The spinning reels being used upside down are always good for a chuckle. And them summer clothes in the middle of winter make one wonder were some of these people come from. LOL.


----------



## ShutUpNFish

I've lost count....if you fish the PA tribs often, you see wierd things everyday!

However, the wierdest and most recent was when I was fishing Elk Creek this fall and there was a Russian or Eastern European guy running around with a net and trying to net people's fish. When he netted the fish he was permitted to, he would beg for the fish. Everytime I hooked a fish he'd be breathing down my neck....I told him NOT to net my fish! The guy was wired and high strung....I did give him one of my fish though.


----------



## ParmaBass

Here's my story from last December 30th....

I was Steelhead fishing near the mouth of a creek that flows into the Grand River today. I hear someone whistling to my left and I look and see someone coming toward me in what I thought was a kayak. As he gets closer I was pretty astonished to see him kneeling down on a blow up air mattress pushing his way toward the Grand River using an orange driveway marker as an "oar". 

When he gets a little closer I asked him if that was indeed a air mattress, he responds with "Yeah, it floats and it's something to do". I asked him where he planned on going and he says "Oh, probably down river a couple bridges away". I said "You're going to take that thing on the River?" and he simply says "It's something to do"?? He was wearing a pair of Jeans and a coat, no lifejacket or anything else that resembled a safety device. Last I checked before I left this morning the river was flowing pretty good too at around 2100cfs. He didn't seem high or crazy, to the naked eye anyways. There is a pic below I snapped as he floated past me, this is a SMALL air mattress too, no more than 2' wide. I told him he was NUTS and he just laughed it off and whistled a tune on his way. 

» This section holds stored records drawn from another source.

(* Let $n\ge1$, $N=2^n$, and let $S_m^*$ ($0\le m\le n-1$) be the maps defined below. For a finitely supported $H:\{0,1\}^n\times\{0,1\}^n\times\mathbb{Z}\to\mathbb{R}$, regarded as a function on $\{0,1\}^n\times\{0,1\}^0\times\{0,1\}^n\times\{0,1\}^0\times\mathbb{Z}$, the function $P=S_0^*\circ S_1^*\circ\cdots\circ S_{n-1}^*(H)$ on $\{0,1\}^0\times\{0,1\}^n\times\{0,1\}^0\times\{0,1\}^n\times\mathbb{Z}$ satisfies, for all $\mathbf v_1,\mathbf v_2\in\{0,1\}^n$ and $e\in\mathbb{Z}$, $$P(\emptyset\mid\mathbf v_1\mid\emptyset\mid\mathbf v_2\mid e)=\sum_{\mathbf s_1\in\{0,1\}^n}\sum_{\mathbf s_2\in\{0,1\}^n}H\big(\mathbf s_1\mid\mathbf s_2\mid e-l^n_{\lambda(\mathbf s_1)}(\mathbf v_1)-l^n_{\lambda(\mathbf s_2)}(\mathbf v_2)\big).$$ Equivalently, $(x,y,z)\mapsto P(\emptyset\mid\lambda^{-1}(x)\mid\emptyset\mid\lambda^{-1}(y)\mid z)$ is the adjoint of the linear map $f\mapsto\tilde f$, $\tilde f(\mathbf s_1\mid\mathbf s_2\mid d)=\sum_{\mathbf u_1,\mathbf u_2\in\{0,1\}^n}f\big(\lambda(\mathbf u_1),\lambda(\mathbf u_2),l^n_{\lambda(\mathbf s_1)}(\mathbf u_1)+l^n_{\lambda(\mathbf s_2)}(\mathbf u_2)+d\big)$ (the 3D discrete Radon transform of planes), acting on finitely supported $f:\{0,\dots,N-1\}^2\times\mathbb{Z}\to\mathbb{R}$.
   Context: Bit vectors: for $\mathbf u=(u_0,\dots,u_{k-1})\in\{0,1\}^k$, $\lambda(\mathbf u)=\sum_{i=0}^{k-1}u_i2^i$ (first entry least significant), $\lambda(\emptyset)=0$; $(a,\boldsymbol\sigma)$ denotes the vector with first entry $a$ followed by the entries of $\boldsymbol\sigma$. Discrete lines: $l^0_s(\emptyset)=0$ and $l^k_s(u_0,\dots,u_{k-1})=l^{k-1}_{\lfloor s/2\rfloor}(u_0,\dots,u_{k-2})+u_{k-1}\lfloor(s+1)/2\rfloor$ for $k\ge1$, $s\ge0$. For $0\le m\le n-1$ and finitely supported $H$ on $\{0,1\}^{m+1}\times\{0,1\}^{n-m-1}\times\{0,1\}^{m+1}\times\{0,1\}^{n-m-1}\times\mathbb{Z}$, $S_m^*H$ is the function on $\{0,1\}^{m}\times\{0,1\}^{n-m}\times\{0,1\}^{m}\times\{0,1\}^{n-m}\times\mathbb{Z}$ given by $(S_m^*H)(\boldsymbol\sigma_1\mid(w_1,\mathbf v_1)\mid\boldsymbol\sigma_2\mid(w_2,\mathbf v_2)\mid d)=\sum_{a,b\in\{0,1\}}H((a,\boldsymbol\sigma_1)\mid\mathbf v_1\mid(b,\boldsymbol\sigma_2)\mid\mathbf v_2\mid d-w_1(a+\lambda(\boldsymbol\sigma_1))-w_2(b+\lambda(\boldsymbol\sigma_2)))$. *)

theory Defs
  imports Complex_Main
begin

text \<open>Bit vectors are lists of booleans; the first entry is the least significant bit.\<close>

fun lam :: "bool list \<Rightarrow> nat" where
  "lam [] = 0"
| "lam (a # u) = of_bool a + 2 * lam u"

text \<open>Discrete lines. The recursion peels off the LAST entry of the vector, so we
recurse on the reversed list: dline_rev s (rev u) is l^k_s(u).\<close>

fun dline_rev :: "nat \<Rightarrow> bool list \<Rightarrow> int" where
  "dline_rev s [] = 0"
| "dline_rev s (u # us) = dline_rev (s div 2) us + of_bool u * int ((s + 1) div 2)"

definition dline :: "nat \<Rightarrow> bool list \<Rightarrow> int" where
  "dline s u = dline_rev s (rev u)"

type_synonym fun5 = "bool list \<Rightarrow> bool list \<Rightarrow> bool list \<Rightarrow> bool list \<Rightarrow> int \<Rightarrow> real"

text \<open>The map S_m^* (for ambient dimension n): input functions live on
{0,1}^(m+1) x {0,1}^(n-m-1) x {0,1}^(m+1) x {0,1}^(n-m-1) x Z, outputs on
{0,1}^m x {0,1}^(n-m) x {0,1}^m x {0,1}^(n-m) x Z; outside that domain the output is 0.
The second/fourth argument (w, v) is split as w = hd, v = tl.\<close>

definition S_star :: "nat \<Rightarrow> nat \<Rightarrow> fun5 \<Rightarrow> fun5" where
  "S_star n m H = (\<lambda>\<sigma>1 wv1 \<sigma>2 wv2 d.
     if m < n \<and> length \<sigma>1 = m \<and> length \<sigma>2 = m \<and> length wv1 = n - m \<and> length wv2 = n - m
     then (\<Sum>a\<in>(UNIV::bool set). \<Sum>b\<in>(UNIV::bool set).
             H (a # \<sigma>1) (tl wv1) (b # \<sigma>2) (tl wv2)
               (d - of_bool (hd wv1) * (of_bool a + int (lam \<sigma>1))
                  - of_bool (hd wv2) * (of_bool b + int (lam \<sigma>2))))
     else 0)"

definition S_comp :: "nat \<Rightarrow> fun5 \<Rightarrow> fun5" where
  "S_comp n H = foldr (S_star n) [0..<n] H"

definition lift5 :: "(bool list \<Rightarrow> bool list \<Rightarrow> int \<Rightarrow> real) \<Rightarrow> fun5" where
  "lift5 H = (\<lambda>s1 v1 s2 v2 d. if v1 = [] \<and> v2 = [] then H s1 s2 d else 0)"

end

theory Submission
  imports Defs
begin

text \<open>Unrolling the recursion of the discrete line from the front, \<open>l_s(w, u)\<close> is
  \<open>l_s(u)\<close> plus \<open>w \<lfloor>(\<lfloor>s / 2^|u|\<rfloor> + 1) / 2\<rfloor>\<close>. If the top bits of \<open>s\<close> are \<open>(a, \<sigma>)\<close>, that last
  factor is \<open>a + \<lambda>(\<sigma>)\<close>, exactly the shift applied by \<open>S\<^sub>m\<^sup>*\<close>. So by downward induction on
  \<open>m\<close>, the composite \<open>S\<^sub>m\<^sup>* \<circ> \<dots> \<circ> S\<^sub>n\<^sub>-\<^sub>1\<^sup>*\<close> at \<open>(\<sigma>\<^sub>1 | u\<^sub>1 | \<sigma>\<^sub>2 | u\<^sub>2 | d)\<close> is the sum of
  \<open>H(r\<^sub>1\<sigma>\<^sub>1 | r\<^sub>2\<sigma>\<^sub>2 | d - l(u\<^sub>1) - l(u\<^sub>2))\<close> over all \<open>r\<^sub>1, r\<^sub>2\<close> of length \<open>n - m\<close>, the lines
  having slopes \<open>\<lambda>(r\<^sub>i\<sigma>\<^sub>i)\<close>; the case \<open>m = 0\<close> is the theorem.\<close>

lemma lam_append: "lam (xs @ ys) = lam xs + 2 ^ length xs * lam ys"
  by (induction xs) auto

lemma lam_less_power: "lam xs < 2 ^ length xs"
  by (induction xs) auto

lemma dline_rev_snoc:
  "dline_rev s (xs @ [w]) = dline_rev s xs + of_bool w * int ((s div 2 ^ length xs + 1) div 2)"
proof (induction xs arbitrary: s)
  case Nil
  then show ?case by simp
next
  case (Cons x xs)
  have "s div 2 div 2 ^ length xs = s div 2 ^ length (x # xs)"
    by (simp add: div_mult2_eq)
  with Cons show ?case by simp
qed

lemma dline_Cons:
  "dline s (w # u) = dline s u + of_bool w * int ((s div 2 ^ length u + 1) div 2)"
  by (simp add: dline_def dline_rev_snoc)

lemma dline_Cons_lam_append:
  assumes "length r = length u"
  shows "dline (lam (r @ a # \<sigma>)) (w # u) =
    dline (lam (r @ a # \<sigma>)) u + of_bool w * (of_bool a + int (lam \<sigma>))"
proof -
  have "lam (r @ a # \<sigma>) div 2 ^ length u = lam (a # \<sigma>)"
    using assms lam_less_power[of r] by (simp add: lam_append)
  then have "(lam (r @ a # \<sigma>) div 2 ^ length u + 1) div 2 = of_bool a + lam \<sigma>"
    by (cases a) auto
  then show ?thesis
    by (simp add: dline_Cons)
qed

lemma sum_lists_length_Suc_snoc:
  "(\<Sum>r\<in>{r::bool list. length r = Suc m}. f r) = (\<Sum>a\<in>UNIV. \<Sum>r\<in>{r. length r = m}. f (r @ [a]))"
proof -
  have image: "{r::bool list. length r = Suc m} = (\<lambda>(a, r). r @ [a]) ` (UNIV \<times> {r. length r = m})"
    by (auto simp: image_iff) (metis append_butlast_last_id length_butlast diff_Suc_1 list.size(3) nat.distinct(1))
  have "inj_on (\<lambda>(a, r). r @ [a]) (UNIV \<times> {r::bool list. length r = m})"
    by (auto simp: inj_on_def)
  then show ?thesis
    unfolding image by (simp add: sum.reindex sum.cartesian_product case_prod_unfold)
qed

lemma foldr_S_star_lift5:
  assumes "m + k = n" "length \<sigma>1 = k" "length \<sigma>2 = k" "length u1 = m" "length u2 = m"
  shows "foldr (S_star n) [k..<n] (lift5 H) \<sigma>1 u1 \<sigma>2 u2 d =
    (\<Sum>r1\<in>{r. length r = m}. \<Sum>r2\<in>{r. length r = m}.
       H (r1 @ \<sigma>1) (r2 @ \<sigma>2) (d - dline (lam (r1 @ \<sigma>1)) u1 - dline (lam (r2 @ \<sigma>2)) u2))"
  using assms
proof (induction m arbitrary: k \<sigma>1 \<sigma>2 u1 u2 d)
  case 0
  then show ?case by (simp add: lift5_def dline_def)
next
  case (Suc m)
  obtain w1 u1' where u1: "u1 = w1 # u1'" "length u1' = m"
    using Suc.prems by (cases u1) auto
  obtain w2 u2' where u2: "u2 = w2 # u2'" "length u2' = m"
    using Suc.prems by (cases u2) auto
  let ?d = "\<lambda>a b. d - of_bool w1 * (of_bool a + int (lam \<sigma>1)) - of_bool w2 * (of_bool b + int (lam \<sigma>2))"
  let ?F = "\<lambda>a r1 b r2. H (r1 @ a # \<sigma>1) (r2 @ b # \<sigma>2)
    (?d a b - dline (lam (r1 @ a # \<sigma>1)) u1' - dline (lam (r2 @ b # \<sigma>2)) u2')"
  have "[k..<n] = k # [Suc k..<n]"
    using Suc.prems by (simp add: upt_conv_Cons)
  then have "foldr (S_star n) [k..<n] (lift5 H) \<sigma>1 u1 \<sigma>2 u2 d =
      (\<Sum>a\<in>UNIV. \<Sum>b\<in>UNIV. foldr (S_star n) [Suc k..<n] (lift5 H) (a # \<sigma>1) u1' (b # \<sigma>2) u2' (?d a b))"
    using Suc.prems u1 u2 by (simp add: S_star_def)
  also have "\<dots> = (\<Sum>a\<in>UNIV. \<Sum>b\<in>UNIV. \<Sum>r1\<in>{r. length r = m}. \<Sum>r2\<in>{r. length r = m}. ?F a r1 b r2)"
    using Suc.IH[of "Suc k"] Suc.prems u1 u2 by simp
  also have "\<dots> = (\<Sum>a\<in>UNIV. \<Sum>r1\<in>{r. length r = m}. \<Sum>b\<in>UNIV. \<Sum>r2\<in>{r. length r = m}. ?F a r1 b r2)"
    by (intro sum.cong refl sum.swap)
  also have "\<dots> = (\<Sum>a\<in>UNIV. \<Sum>r1\<in>{r. length r = m}. \<Sum>b\<in>UNIV. \<Sum>r2\<in>{r. length r = m}.
      H (r1 @ a # \<sigma>1) (r2 @ b # \<sigma>2)
        (d - dline (lam (r1 @ a # \<sigma>1)) u1 - dline (lam (r2 @ b # \<sigma>2)) u2))"
    using u1 u2 by (intro sum.cong refl) (simp add: dline_Cons_lam_append algebra_simps)
  also have "\<dots> = (\<Sum>r1\<in>{r. length r = Suc m}. \<Sum>r2\<in>{r. length r = Suc m}.
      H (r1 @ \<sigma>1) (r2 @ \<sigma>2) (d - dline (lam (r1 @ \<sigma>1)) u1 - dline (lam (r2 @ \<sigma>2)) u2))"
    by (simp add: sum_lists_length_Suc_snoc)
  finally show ?case .
qed

theorem mainTheorem5:
  fixes n :: nat and v1 v2 :: "bool list" and e :: int and H :: "bool list \<Rightarrow> bool list \<Rightarrow> int \<Rightarrow> real"
  assumes "n \<ge> 1"
    and "finite {(s1, s2, d). length s1 = n \<and> length s2 = n \<and> H s1 s2 d \<noteq> 0}"
    and "length v1 = n" and "length v2 = n"
  shows "S_comp n (lift5 H) [] v1 [] v2 e =
    (\<Sum>s1\<in>{s. length s = n}. \<Sum>s2\<in>{s. length s = n}.
        H s1 s2 (e - dline (lam s1) v1 - dline (lam s2) v2))"
  using foldr_S_star_lift5[of n 0 n "[]" "[]" v1 v2 H e] assms(3,4)
  by (simp add: S_comp_def)

end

I saw a guy in the parking lot when I got back in and he asked me if I called 911.

And I'd also like to add that..... THE WATER WAS REALLY COLD!


----------



## MuskieJim

Got two that come to mind. Peple, the story you told about the guy with the bass jig. That was me, it was hilarious. As we were leaving, he said "Man I've been trying this jig and maggot all day with no luck. What are you guys using?" When I looked a little closer, he had about a half ounce bass jig with 20 maggots on it! I was surprised to see he didnt catch anything 

The craziest thing I've seen is indians on the Cat shooting steelhead with 22 rifles. Not only that, but they only kept about 5 out of the 20 they shot. Indian land, indian rules!


----------



## KSUFLASH

When that wack job jumped into the river, I didn't miss a beat and I continued on with the seminar. 

-KSU


----------



## tornwaders

Two years ago my freind and I were at the chagrin, it was cold, snowing the whole nine yards. While we were getting our waders off at the parking lot some kid probably in his early 20's took off his clothes had on swim trunks and a towel in hand walked down to the river jumped in, got out, went back to his car and left. His skin was bright red. We could not believe our eyes.


----------



## Fisherman419

Hahaha nice post! I enjoy reading these, some of them had me cracking up.


----------



## bassman56

Haha mine was when fisherman419 got mad at his reel, then threw it in the water and then decided that he needed it and went searching for it in the river lol.


----------



## Streamhawk

See what has happened since natural selection is no longer taking effect on weeding out the dummies??? they float down rivers on inflatable mattresses. Some of these stories are hilarious. The only story that I have is me and my buddy were floating down the whitewater river in Indiana, we were coming up to a shallow area, all of a sudden there are cows coming down the bank and into the stream to cross it, we were almost trampled by cows floating down a stream, that was very strange.


----------



## steelheadBob

me bassmanand fm419 were on the ash, and didnt see it, butgot the strangest phone call from bassman, they found a nice fresh pile of bear crap up river!!!!!!!!!!


----------



## ryosapien

pretty sure i've posted this before but anyhow....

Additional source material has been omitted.